lemma integral_nu_disc_normal_moment:
  fixes T :: "'n::finite set" and r R :: real
  assumes "k \<notin> T" "0 < \<sigma>" "0 < V" "z $ k = \<Delta>"
  defines "w \<equiv> \<lambda>y. indicator (ball z r) y * nu_disc T \<sigma> z R V y"
  shows "(\<integral>y. w y * ((y $ k - \<Delta>) * (exp (2 * \<Delta> / \<sigma>\<^sup>2 * (y $ k - \<Delta>)) - 1)) \<partial>lborel)
    = 2 * (\<integral>y. w y * (\<Delta> - y $ k) \<partial>lborel)"
proof -
  define E where "E y = exp (2 * \<Delta> / \<sigma>\<^sup>2 * (y $ k - \<Delta>))" for y :: "real^'n"
  define G where "G y = w y * (y $ k - \<Delta>)" for y
  have "indicator (ball z r) (reflect_coord k (2 * \<Delta>) y) = (indicator (ball z r) y :: real)" for y
    using dist_reflect_coord[of k z y] assms(4) by (simp add: indicator_def dist_commute)
  moreover have "((y $ k)\<^sup>2 - (2 * \<Delta> - y $ k)\<^sup>2) / (2 * \<sigma>\<^sup>2) = 2 * \<Delta> / \<sigma>\<^sup>2 * (y $ k - \<Delta>)" for y :: "real^'n"
    using assms(2) by (simp add: field_simps power2_eq_square)
  ultimately have w_reflect: "w (reflect_coord k (2 * \<Delta>) y) = w y * E y" for y
    using assms(1) by (simp add: w_def E_def nu_disc_reflect_coord_normal)
  have G_reflect: "G (reflect_coord k (2 * \<Delta>) y) = - (w y * E y * (y $ k - \<Delta>))" for y
    by (simp add: G_def w_reflect reflect_coord_nth) (simp add: algebra_simps)
  have G_measurable: "G \<in> borel_measurable borel"
    unfolding G_def[abs_def] w_def by measurable
  have "norm (y $ k - \<Delta>) \<le> r" if "y \<in> ball z r" for y :: "real^'n"
    using that component_le_norm_cart[of "y - z" k] assms(4) by (simp add: dist_norm norm_minus_commute)
  then have G_integrable: "integrable lborel G"
    using integrable_nu_disc_on_ball[OF assms(2,3), of "\<lambda>y. y $ k - \<Delta>" z r r T z R]
    unfolding G_def[abs_def] w_def by simp
  have "integrable lborel (\<lambda>y. w y * E y * (y $ k - \<Delta>))"
    using integrable_reflect_coord[OF G_integrable G_measurable, of k "2 * \<Delta>"] by (simp add: G_reflect)
  moreover have "integral\<^sup>L lborel G = - (\<integral>y. w y * E y * (y $ k - \<Delta>) \<partial>lborel)"
    using integral_reflect_coord[OF G_measurable, of k "2 * \<Delta>"] by (simp add: G_reflect)
  ultimately have "(\<integral>y. w y * E y * (y $ k - \<Delta>) - G y \<partial>lborel) = - 2 * integral\<^sup>L lborel G"
    using G_integrable by simp
  moreover have "(\<integral>y. w y * ((y $ k - \<Delta>) * (E y - 1)) \<partial>lborel)
      = (\<integral>y. w y * E y * (y $ k - \<Delta>) - G y \<partial>lborel)"
    by (rule Bochner_Integration.integral_cong) (simp_all add: G_def algebra_simps)
  moreover have "(\<integral>y. w y * (\<Delta> - y $ k) \<partial>lborel) = (\<integral>y. - G y \<partial>lborel)"
    by (rule Bochner_Integration.integral_cong) (simp_all add: G_def algebra_simps)
  ultimately show ?thesis
    unfolding E_def by simp
qed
—————
Exact copies of all the entries above should be returned.

- Solved problem
lemma integral_nu_disc_normal_moment:
  fixes T :: "'n::finite set" and r R :: real
  assumes "k \<notin> T" "0 < \<sigma>" "0 < V" "z $ k = \<Delta>"
  defines "w \<equiv> \<lambda>y. indicator (ball z r) y * nu_disc T \<sigma> z R V y"
  shows "(\<integral>y. w y * ((y $ k - \<Delta>) * (exp (2 * \<Delta> / \<sigma>\<^sup>2 * (y $ k - \<Delta>)) - 1)) \<partial>lborel)
    = 2 * (\<integral>y. w y * (\<Delta> - y $ k) \<partial>lborel)"
proof -
  define E where "E y = exp (2 * \<Delta> / \<sigma>\<^sup>2 * (y $ k - \<Delta>))" for y :: "real^'n"
  define G where "G y = w y * (y $ k - \<Delta>)" for y
  have "indicator (ball z r) (reflect_coord k (2 * \<Delta>) y) = (indicator (ball z r) y :: real)" for y
    using dist_reflect_coord[of k z y] assms(4) by (simp add: indicator_def dist_commute)
  moreover have "((y $ k)\<^sup>2 - (2 * \<Delta> - y $ k)\<^sup>2) / (2 * \<sigma>\<^sup>2) = 2 * \<Delta> / \<sigma>\<^sup>2 * (y $ k - \<Delta>)" for y :: "real^'n"
    using assms(2) by (simp add: field_simps power2_eq_square)
  ultimately have w_reflect: "w (reflect_coord k (2 * \<Delta>) y) = w y * E y" for y
    using assms(1) by (simp add: w_def E_def nu_disc_reflect_coord_normal)
  have G_reflect: "G (reflect_coord k (2 * \<Delta>) y) = - (w y * E y * (y $ k - \<Delta>))" for y
    by (simp add: G_def w_reflect reflect_coord_nth) (simp add: algebra_simps)
  have G_measurable: "G \<in> borel_measurable borel"
    unfolding G_def[abs_def] w_def by measurable
  have "norm (y $ k - \<Delta>) \<le> r" if "y \<in> ball z r" for y :: "real^'n"
    using that component_le_norm_cart[of "y - z" k] assms(4) by (simp add: dist_norm norm_minus_commute)
  then have G_integrable: "integrable lborel G"
    using integrable_nu_disc_on_ball[OF assms(2,3), of "\<lambda>y. y $ k - \<Delta>" z r r T z R]
    unfolding G_def[abs_def] w_def by simp
  have "integrable lborel (\<lambda>y. w y * E y * (y $ k - \<Delta>))"
    using integrable_reflect_coord[OF G_integrable G_measurable, of k "2 * \<Delta>"] by (simp add: G_reflect)
  moreover have "integral\<^sup>L lborel G = - (\<integral>y. w y * E y * (y $ k - \<Delta>) \<partial>lborel)"
    using integral_reflect_coord[OF G_measurable, of k "2 * \<Delta>"] by (simp add: G_reflect)
  ultimately have "(\<integral>y. w y * E y * (y $ k - \<Delta>) - G y \<partial>lborel) = - 2 * integral\<^sup>L lborel G"
    using G_integrable by simp
  moreover have "(\<integral>y. w y * ((y $ k - \<Delta>) * (E y - 1)) \<partial>lborel)
      = (\<integral>y. w y * E y * (y $ k - \<Delta>) - G y \<partial>lborel)"
    by (rule Bochner_Integration.integral_cong) (simp_all add: G_def algebra_simps)
  moreover have "(\<integral>y. w y * (\<Delta> - y $ k) \<partial>lborel) = (\<integral>y. - G y \<partial>lborel)"
    by (rule Bochner_Integration.integral_cong) (simp_all add: G_def algebra_simps)
  ultimately show ?thesis
    unfolding E_def by simp
qed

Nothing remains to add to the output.